I mean, fine dining's dead, right? Well, not exactly. Fine dining has changed. It's becoming more casual. Fine dining is all about fantasy, and customers are growing tired of the gilded royalty fantasy – they're more attracted now to the trendy jet-setter fantasy. Hushed rooms are giving way to flashy hullabaloos.

Don't tell that to the folks at NEO, an upscale Italian restaurant that's steeped in the hushed-room tradition of fine dining. NEO is located in the Mansion on Peachtree, a new luxury hotel that will also soon be home (in a freestanding building out front) to the Atlanta outpost of Craft, Tom Colicchio's temple of casual fine dining. But there's nothing casual about NEO, from the lush room facing a manicured English garden, to the strange formal service that seems like it was modeled on an "SNL" parody of fancy waiters ("Would you prefer still or sparkling water this evening madames?" "Uh, do you have tap water?" "Certainly madames, allow me to fetch that for you."), to the prices, which hover around $15 for an appetizer and just under $40 for an entrée.

The price is what bothers me about NEO, however, not the formality. The high-ceilinged room is lovely, and calming in its plush whiteness. And I've had good meals here. But I've also had mediocre ones, with dishes that appear much more representative of luxury as a concept than they are of true taste and pleasure.

Take, for instance, an appetizer of foie gras, an ingredient that is luxury incarnate. Served with a polenta cake and Granny Smith apples, the dish lacked nuance, intrigue and salt. The polenta was a nuclear-hot (seriously, I blistered the top of my mouth) disk of tastelessness. On the other hand, a rabbit loin, wrapped in pancetta and served with a jumble of macerated figs, had balance and finesse – sweetness, salt, soft and crunch.
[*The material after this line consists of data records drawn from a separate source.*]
lemma (in dagger_category) dagger_equivalent_reflects_positivity:
  assumes E: "dagger_cat E dE" and DE: "dagger_equivalent D dag E dE"
    and E_pos: "\<And>e. self_adjoint E dE e \<Longrightarrow> automorphism E e \<Longrightarrow> iso_positive E dE e"
    and f: "self_adjoint D dag f" "automorphism D f"
  shows "iso_positive D dag f"
proof -
  obtain Fo Fm Go Gm \<eta> where F: "dagger_functor D dag E dE Fo Fm" and G: "dagger_functor E dE D dag Go Gm"
    and \<eta>: "nat_trans D D id id (Go \<circ> Fo) (Gm \<circ> Fm) \<eta>" and \<eta>_unitary: "\<forall>a\<in>Obj D. unitary D dag (\<eta> a)"
    using DE unfolding dagger_equivalent_def by blast
  have Ff: "is_functor D E Fo Fm" and Gf: "is_functor E D Go Gm"
    using F G by (simp_all add: dagger_functor_is_functor)
  define a where "a = Src D f"
  have f_arr: "f \<in> Arr D" "Src D f = a" "Tgt D f = a"
    using f by (simp_all add: a_def self_adjoint_def automorphism_def)
  have "iso_positive E dE (Fm f)"
    using f by (intro E_pos dagger_functor_self_adjoint[OF F] functor_automorphism[OF Ff])
  then have GFf: "iso_positive D dag (Gm (Fm f))"
    by (rule dagger_functor_iso_positive[OF E G])
  have \<eta>a: "unitary D dag (\<eta> a)" "\<eta> a \<in> Arr D" "Src D (\<eta> a) = a" "Tgt D (\<eta> a) = Go (Fo a)"
    using \<eta>_unitary nat_trans_component[OF \<eta>] f_arr by (auto simp: hom_iff)
  have "Cmp D (\<eta> a) f = Cmp D (Gm (Fm f)) (\<eta> a)"
    using nat_trans_naturality[OF \<eta> f_arr(1)] f_arr by simp
  then have "f = Cmp D (inv_arr D (\<eta> a)) (Cmp D (Gm (Fm f)) (\<eta> a))"
    using \<eta>a f_arr by (metis inv_arr_cancel_left is_category unitary_def)
  moreover have "Tgt D (\<eta> a) = Src D (Gm (Fm f))"
    using functor_src[OF comp_functor[OF Ff Gf] f_arr(1)] \<eta>a f_arr by simp
  ultimately show ?thesis
    using iso_positive_unitary_conj[OF \<eta>a(1) GFf] by simp
qed
lemma linear_form_lincomb:
  assumes "linear_form f" "linear_form g"
  shows "linear_form (\<lambda>x. f x - t * g x)"
  using assms unfolding linear_form_def by (simp add: algebra_simps)

definition hyperplane_projection ::
    "('k \<Rightarrow> real) \<Rightarrow> (('k \<Rightarrow> real) \<Rightarrow> real) \<Rightarrow> ('k \<Rightarrow> real) \<Rightarrow> ('k \<Rightarrow> real)" where
  "hyperplane_projection x0 g x = (\<lambda>k. x k - (g x / g x0) * x0 k)"

lemma linear_form_hyperplane_projection:
  assumes "linear_form f"
  shows "f (hyperplane_projection x0 g x) = f x - (f x0 / g x0) * g x"
  using linear_form_diff[OF assms, of x "g x / g x0" x0]
  unfolding hyperplane_projection_def by simp

lemma hyperplane_projection_kernel:
  assumes "linear_form g" "g x0 \<noteq> 0"
  shows "g (hyperplane_projection x0 g x) = 0"
  using linear_form_hyperplane_projection[OF assms(1)] assms(2) by simp

lemma linear_form_comp_hyperplane_projection:
  assumes "linear_form f" "linear_form g"
  shows "linear_form (\<lambda>x. f (hyperplane_projection x0 g x))"
  unfolding linear_form_hyperplane_projection[OF assms(1)]
  using linear_form_lincomb[OF assms, of "f x0 / g x0"] by simp

text \<open>Fourier--Motzkin elimination of one constraint a j: if the smaller system does not
  already imply c \<le> 0, a witness x0 has a j x0 > 0, and composing everything with the
  projection along x0 onto the hyperplane a j = 0 yields a smaller instance.\<close>
lemma farkas_lemma:
  assumes "finite I" "\<And>i. i \<in> I \<Longrightarrow> linear_form (a i)" "linear_form c"
    and "\<And>x. \<forall>i\<in>I. a i x \<le> 0 \<Longrightarrow> c x \<le> 0"
  shows "\<exists>l. (\<forall>i\<in>I. 0 \<le> l i) \<and> (\<forall>x. c x = (\<Sum>i\<in>I. l i * a i x))"
  using assms
proof (induction I arbitrary: a c rule: finite_induct)
  case empty
  have "c x = 0" for x
    using empty.prems(3)[of x] empty.prems(3)[of "\<lambda>k. - x k"]
      linear_form_diff[OF empty.prems(2), of "\<lambda>k. 0" 1 x] linear_form_zero[OF empty.prems(2)]
    by simp
  then show ?case by simp
next
  case (insert j J)
  have lin_aj: "linear_form (a j)" using insert.prems(1) by blast
  show ?case
  proof (cases "\<forall>x. (\<forall>i\<in>J. a i x \<le> 0) \<longrightarrow> c x \<le> 0")
    case True
    then obtain l where "\<forall>i\<in>J. 0 \<le> l i" "\<forall>x. c x = (\<Sum>i\<in>J. l i * a i x)"
      using insert by blast
    moreover have "(\<Sum>i\<in>J. (l(j := 0)) i * a i x) = (\<Sum>i\<in>J. l i * a i x)" for x
      using insert.hyps(2) by (intro sum.cong) auto
    ultimately show ?thesis
      using insert.hyps by (intro exI[of _ "l(j := 0)"]) auto
  next
    case False
    then obtain x0 where x0: "\<forall>i\<in>J. a i x0 \<le> 0" "c x0 > 0" by force
    define p where "p = a j x0"
    have p: "p > 0"
      using insert.prems(3)[of x0] x0 unfolding p_def by force
    let ?proj = "hyperplane_projection x0 (a j)"
    have "\<exists>l. (\<forall>i\<in>J. 0 \<le> l i) \<and> (\<forall>x. c (?proj x) = (\<Sum>i\<in>J. l i * a i (?proj x)))"
    proof (rule insert.IH)
      show "linear_form (\<lambda>x. a i (?proj x))" if "i \<in> J" for i
        using linear_form_comp_hyperplane_projection insert.prems(1) that by blast
      show "linear_form (\<lambda>x. c (?proj x))"
        using linear_form_comp_hyperplane_projection insert.prems(1,2) by blast
      show "c (?proj x) \<le> 0" if "\<forall>i\<in>J. a i (?proj x) \<le> 0" for x
        using insert.prems(3) that hyperplane_projection_kernel[OF lin_aj] p
        unfolding p_def by fastforce
    qed
    then obtain l where l: "\<forall>i\<in>J. 0 \<le> l i"
      and l_proj: "\<forall>x. c (?proj x) = (\<Sum>i\<in>J. l i * a i (?proj x))" by blast
    define lj where "lj = (c x0 - (\<Sum>i\<in>J. l i * a i x0)) / p"
    have "(\<Sum>i\<in>J. l i * a i x0) \<le> 0"
      using l x0(1) by (intro sum_nonpos) (simp add: mult_nonneg_nonpos)
    then have "0 \<le> lj" unfolding lj_def using p x0(2) by simp
    moreover have "c x = lj * a j x + (\<Sum>i\<in>J. l i * a i x)" for x
    proof -
      have "c x = c (?proj x) + (c x0 / p) * a j x"
        using linear_form_hyperplane_projection[OF insert.prems(2)] unfolding p_def by simp
      also have "c (?proj x) = (\<Sum>i\<in>J. l i * (a i x - (a i x0 / p) * a j x))"
        using l_proj linear_form_hyperplane_projection[OF insert.prems(1)] unfolding p_def
        by (auto intro!: sum.cong)
      also have "\<dots> = (\<Sum>i\<in>J. l i * a i x) - (\<Sum>i\<in>J. l i * a i x0) / p * a j x"
        by (simp add: right_diff_distrib sum_subtractf sum_distrib_right sum_divide_distrib mult.assoc)
      finally show ?thesis unfolding lj_def using p by (simp add: field_simps)
    qed
    moreover have "(\<Sum>i\<in>J. (l(j := lj)) i * a i x) = (\<Sum>i\<in>J. l i * a i x)" for x
      using insert.hyps(2) by (intro sum.cong) auto
    ultimately show ?thesis
      using l insert.hyps by (intro exI[of _ "l(j := lj)"]) auto
  qed
qed

locale concave_quadratic_program =
  fixes f :: "('k \<Rightarrow> real) \<Rightarrow> real"
    and grad :: "('k \<Rightarrow> real) \<Rightarrow> ('k \<Rightarrow> real) \<Rightarrow> real"
    and curv :: "('k \<Rightarrow> real) \<Rightarrow> real"
    and I :: "'i set"
    and A :: "'i \<Rightarrow> ('k \<Rightarrow> real) \<Rightarrow> real"
    and b :: "'i \<Rightarrow> real"
  assumes finite_constraints: "finite I"
    and linear_constraints: "i \<in> I \<Longrightarrow> linear_form (A i)"
    and linear_grad: "linear_form (grad p)"
    and objective_expansion: "f (\<lambda>k. p k + e * d k) = f p + e * grad p d - e\<^sup>2 * curv d"
    and curv_nonneg: "0 \<le> curv d"
begin

definition feasible :: "('k \<Rightarrow> real) \<Rightarrow> bool" where
  "feasible x \<longleftrightarrow> (\<forall>i\<in>I. 0 \<le> A i x + b i)"

definition lagrange_multipliers :: "('k \<Rightarrow> real) \<Rightarrow> ('i \<Rightarrow> real) \<Rightarrow> bool" where
  "lagrange_multipliers p l \<longleftrightarrow>
     (\<forall>i\<in>I. 0 \<le> l i \<and> l i * (A i p + b i) = 0) \<and>
     (\<forall>d. grad p d + (\<Sum>i\<in>I. l i * A i d) = 0)"

lemma lagrange_multipliers_imp_max:
  assumes "lagrange_multipliers p l" "feasible x"
  shows "f x \<le> f p"
proof -
  define d where "d = (\<lambda>k. x k - p k)"
  have "x = (\<lambda>k. p k + 1 * d k)" unfolding d_def by simp
  then have "f x \<le> f p + grad p d"
    using objective_expansion[of p 1 d] curv_nonneg[of d] by simp
  moreover have "grad p d = - (\<Sum>i\<in>I. l i * (A i x + b i))"
  proof -
    have "grad p d = - (\<Sum>i\<in>I. l i * A i d)"
      using assms(1) unfolding lagrange_multipliers_def by (simp add: eq_neg_iff_add_eq_0)
    also have "(\<Sum>i\<in>I. l i * A i d) = (\<Sum>i\<in>I. l i * (A i x + b i) - l i * (A i p + b i))"
      unfolding d_def by (intro sum.cong) (simp_all add: linear_form_sub linear_constraints algebra_simps)
    also have "\<dots> = (\<Sum>i\<in>I. l i * (A i x + b i))"
      using assms(1) unfolding lagrange_multipliers_def by (intro sum.cong) auto
    finally show ?thesis .
  qed
  moreover have "(\<Sum>i\<in>I. l i * (A i x + b i)) \<ge> 0"
    using assms unfolding lagrange_multipliers_def feasible_def by (intro sum_nonneg) simp
  ultimately show ?thesis by linarith
qed

lemma eventually_feasible_step:
  assumes "feasible p" and active: "\<And>i. i \<in> I \<Longrightarrow> A i p + b i = 0 \<Longrightarrow> 0 \<le> A i d"
  shows "eventually (\<lambda>e. feasible (\<lambda>k. p k + e * d k)) (at_right 0)"
  unfolding feasible_def
proof (rule eventually_ball_finite[OF finite_constraints], intro ballI)
  fix i assume i: "i \<in> I"
  have step: "A i (\<lambda>k. p k + e * d k) + b i = A i p + b i + e * A i d" for e
    using linear_formD[OF linear_constraints[OF i]] by simp
  show "eventually (\<lambda>e. 0 \<le> A i (\<lambda>k. p k + e * d k) + b i) (at_right 0)"
  proof (cases "A i p + b i = 0")
    case True
    then show ?thesis
      unfolding step eventually_at_right_field using active[OF i] by (auto intro!: exI[of _ 1])
  next
    case False
    then have slack: "0 < A i p + b i" using assms(1) i unfolding feasible_def by force
    show ?thesis
      unfolding step eventually_at_right_field
    proof (intro exI[of _ "(A i p + b i) / (\<bar>A i d\<bar> + 1)"] conjI allI impI)
      fix e :: real assume e: "0 < e" "e < (A i p + b i) / (\<bar>A i d\<bar> + 1)"
      have "- (e * A i d) \<le> e * (\<bar>A i d\<bar> + 1)"
        using e(1) mult_left_mono[of "- A i d" "\<bar>A i d\<bar> + 1" e] by simp
      also have "\<dots> < A i p + b i" using e(2) by (simp add: field_simps add_pos_nonneg)
      finally show "0 \<le> A i p + b i + e * A i d" by simp
    qed (use slack in simp)
  qed
qed

lemma eventually_objective_increase:
  assumes "0 < grad p d"
  shows "eventually (\<lambda>e. f p < f (\<lambda>k. p k + e * d k)) (at_right 0)"
  unfolding objective_expansion eventually_at_right_field
proof (intro exI[of _ "grad p d / (curv d + 1)"] conjI allI impI)
  fix e :: real assume e: "0 < e" "e < grad p d / (curv d + 1)"
  have "e * curv d \<le> e * (curv d + 1)" using e(1) by simp
  also have "\<dots> < grad p d" using e(2) curv_nonneg[of d] by (simp add: field_simps add_nonneg_pos)
  finally have "0 < e * (grad p d - e * curv d)" using e(1) by simp
  then show "f p < f p + e * grad p d - e\<^sup>2 * curv d" by (simp add: power2_eq_square algebra_simps)
qed (use assms curv_nonneg[of d] in simp)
The kitchen has architectural aspirations that often take precedence over flavor. An appetizer that highlights red and yellow beets had the vibrant vegetables chopped and molded into separate spheres, then dusted on top with ricotta and garnished on the side with lemon verbena. The resulting plate certainly had visual appeal, but tasted bland. Tossed all together with some subtle dressing, the dish might have worked as a rustic beet salad, but in this form it only works as eye candy.

Seafood dishes, such as a swordfish served over cannellini beans and peppers, were consistently pleasing. Baked seabass over a rich tarragon butter exemplified old-school upscale that works. Quality ingredients arranged pleasingly with a classic sauce and more bells and whistles than the home cook could muster used to be exactly what diners expected. If NEO delivered that all the time, I'd declare this venture a success, even with its throwback premise.

But veal raviolini with fried sage tasted like nothing much at all, and had me longing for a saltshaker. A side of eggplant parmesan was too gooey, not fresh or bright enough. Too ordinary.

While general manager Guido Piccinni probably sets the tone for the uptight-slash-overeager service, he himself is a charmer, especially when discussing the Italian wines on his impressive list. Allow him to pontificate about the super Tuscans and ask for recommendations. You'll most likely be rewarded with something new and delicious.

I feel as though NEO could take that title – new and delicious – and run with it, with perhaps a dial-down on the pretension and a dial-up on the seasonings. But part of the problem is that this is a dining style that many of us considered over a long time ago. And for folks who still buy into such a fantasy, I'm not sure it matters how honest or intriguing the food is – appearances are what count (on a recent Thursday evening, there was a showdown looming between the Botox set and twentysomething replacement wives).

So, while there's no eulogy here, there is a sad acknowledgement that most of us have moved on. Luckily for NEO, there are probably many "real" housewives in Atlanta that feel differently.